**What to produce:**
What you return must be the complete listing, unchanged.

**Recorded data:**
(* The rolling sieve finds all primes up to a bound $n$ using $O(n\log\log n)$ arithmetic operations and $O(\sqrt{n}\log n)$ bits of space.
   Context: Model of computation: a RAM where, for input $n$, arithmetic operations on integers of $O(\log n)$ bits and other basic operations have unit cost, words have $O(\log n)$ bits, space is measured in bits, and the output list of primes is not counted against the space. The rolling sieve is the following algorithm. Its data structure is a circular array $T[0..\Delta-1]$ of stacks, each implemented as a linked list. Initialization with a starting value $\mathrm{start}$: set $r=\lfloor\sqrt{\mathrm{start}}\rfloor+1$, $s=r^2$, $\Delta=r+2$, all stacks empty; for each prime $p\le r-1$ push $p$ onto stack $T[(p-(\mathrm{start}\bmod p))\bmod p]$; set $\mathrm{pos}=0$, $m=\mathrm{start}$. The procedure next() does: set isPrime = true; while $T[\mathrm{pos}]$ is nonempty, pop $p$ from it, push $p$ onto $T[(\mathrm{pos}+p)\bmod\Delta]$, and set isPrime = false; then if $m=s$: if isPrime is true, push $r$ onto $T[(\mathrm{pos}+r)\bmod\Delta]$ and set isPrime = false; in any case set $r=r+1$, $s=r^2$; then set $m=m+1$, $\mathrm{pos}=(\mathrm{pos}+1)\bmod\Delta$, and if $\mathrm{pos}=0$ increase $\Delta$ by $2$ (appending two new empty stacks at the end of the array); return isPrime (which reports whether the old value of $m$ is prime). To find all primes up to $n$: output the primes up to $100$ directly, initialize with $\mathrm{start}=100$, and repeatedly call next(), outputting the current integer whenever next() returns true, until $n$ has been processed. *)

theory Defs
  imports Complex_Main "HOL-Computational_Algebra.Primes"
    "HOL-Library.Discrete_Functions" "HOL-Library.Landau_Symbols"
begin

text \<open>State of the rolling sieve.  The circular array of stacks is a list of
  lists (head of a list = top of the stack); its length is Delta.\<close>

record rs_state =
  tab   :: "nat list list"
  pos   :: nat
  delta :: nat
  rr    :: nat
  ss    :: nat
  mm    :: nat

definition push :: "nat \<Rightarrow> nat \<Rightarrow> nat list list \<Rightarrow> nat list list" where
  "push p j T = T[j := p # T ! j]"

definition rs_init :: "nat \<Rightarrow> rs_state" where
  "rs_init start =
     (let r = floor_sqrt start + 1;
          ps = filter prime [0..<r];
          T0 = replicate (r + 2) [];
          T = fold (\<lambda>p T. push p ((p - start mod p) mod p) T) ps T0
      in \<lparr> tab = T, pos = 0, delta = r + 2, rr = r, ss = r\<^sup>2, mm = start \<rparr>)"

text \<open>Cost (unit-cost operations) of initialization: allocate the array of
  Delta stacks, and push each prime below r.\<close>
definition rs_init_cost :: "nat \<Rightarrow> nat" where
  "rs_init_cost start =
     (let r = floor_sqrt start + 1 in (r + 2) + length (filter prime [0..<r]) + 1)"

definition rs_next :: "rs_state \<Rightarrow> bool \<times> rs_state" where
  "rs_next st =
     (let P = pos st; D = delta st; stack = tab st ! P;
          isP1 = (stack = []);
          T1 = fold (\<lambda>p T. push p ((P + p) mod D) T) stack ((tab st)[P := []]);
          (isP2, T2, r2) =
             (if mm st = ss st then
                (if isP1 then (False, push (rr st) ((P + rr st) mod D) T1, rr st + 1)
                 else (isP1, T1, rr st + 1))
              else (isP1, T1, rr st));
          P' = (P + 1) mod D;
          (D', T3) = (if P' = 0 then (D + 2, T2 @ [[], []]) else (D, T2))
      in (isP2, \<lparr> tab = T3, pos = P', delta = D', rr = r2, ss = r2\<^sup>2, mm = mm st + 1 \<rparr>))"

**Response to this task:**
(* The rolling sieve finds all primes up to a bound $n$ using $O(n\log\log n)$ arithmetic operations and $O(\sqrt{n}\log n)$ bits of space.
   Context: Model of computation: a RAM where, for input $n$, arithmetic operations on integers of $O(\log n)$ bits and other basic operations have unit cost, words have $O(\log n)$ bits, space is measured in bits, and the output list of primes is not counted against the space. The rolling sieve is the following algorithm. Its data structure is a circular array $T[0..\Delta-1]$ of stacks, each implemented as a linked list. Initialization with a starting value $\mathrm{start}$: set $r=\lfloor\sqrt{\mathrm{start}}\rfloor+1$, $s=r^2$, $\Delta=r+2$, all stacks empty; for each prime $p\le r-1$ push $p$ onto stack $T[(p-(\mathrm{start}\bmod p))\bmod p]$; set $\mathrm{pos}=0$, $m=\mathrm{start}$. The procedure next() does: set isPrime = true; while $T[\mathrm{pos}]$ is nonempty, pop $p$ from it, push $p$ onto $T[(\mathrm{pos}+p)\bmod\Delta]$, and set isPrime = false; then if $m=s$: if isPrime is true, push $r$ onto $T[(\mathrm{pos}+r)\bmod\Delta]$ and set isPrime = false; in any case set $r=r+1$, $s=r^2$; then set $m=m+1$, $\mathrm{pos}=(\mathrm{pos}+1)\bmod\Delta$, and if $\mathrm{pos}=0$ increase $\Delta$ by $2$ (appending two new empty stacks at the end of the array); return isPrime (which reports whether the old value of $m$ is prime). To find all primes up to $n$: output the primes up to $100$ directly, initialize with $\mathrm{start}=100$, and repeatedly call next(), outputting the current integer whenever next() returns true, until $n$ has been processed. *)

theory Defs
  imports Complex_Main "HOL-Computational_Algebra.Primes"
    "HOL-Library.Discrete_Functions" "HOL-Library.Landau_Symbols"
begin

text \<open>State of the rolling sieve.  The circular array of stacks is a list of
  lists (head of a list = top of the stack); its length is Delta.\<close>

record rs_state =
  tab   :: "nat list list"
  pos   :: nat
  delta :: nat
  rr    :: nat
  ss    :: nat
  mm    :: nat

definition push :: "nat \<Rightarrow> nat \<Rightarrow> nat list list \<Rightarrow> nat list list" where
  "push p j T = T[j := p # T ! j]"

definition rs_init :: "nat \<Rightarrow> rs_state" where
  "rs_init start =
     (let r = floor_sqrt start + 1;
          ps = filter prime [0..<r];
          T0 = replicate (r + 2) [];
          T = fold (\<lambda>p T. push p ((p - start mod p) mod p) T) ps T0
      in \<lparr> tab = T, pos = 0, delta = r + 2, rr = r, ss = r\<^sup>2, mm = start \<rparr>)"

text \<open>Cost (unit-cost operations) of initialization: allocate the array of
  Delta stacks, and push each prime below r.\<close>
definition rs_init_cost :: "nat \<Rightarrow> nat" where
  "rs_init_cost start =
     (let r = floor_sqrt start + 1 in (r + 2) + length (filter prime [0..<r]) + 1)"

definition rs_next :: "rs_state \<Rightarrow> bool \<times> rs_state" where
  "rs_next st =
     (let P = pos st; D = delta st; stack = tab st ! P;
          isP1 = (stack = []);
          T1 = fold (\<lambda>p T. push p ((P + p) mod D) T) stack ((tab st)[P := []]);
          (isP2, T2, r2) =
             (if mm st = ss st then
                (if isP1 then (False, push (rr st) ((P + rr st) mod D) T1, rr st + 1)
                 else (isP1, T1, rr st + 1))
              else (isP1, T1, rr st));
          P' = (P + 1) mod D;
          (D', T3) = (if P' = 0 then (D + 2, T2 @ [[], []]) else (D, T2))
      in (isP2, \<lparr> tab = T3, pos = P', delta = D', rr = r2, ss = r2\<^sup>2, mm = mm st + 1 \<rparr>))"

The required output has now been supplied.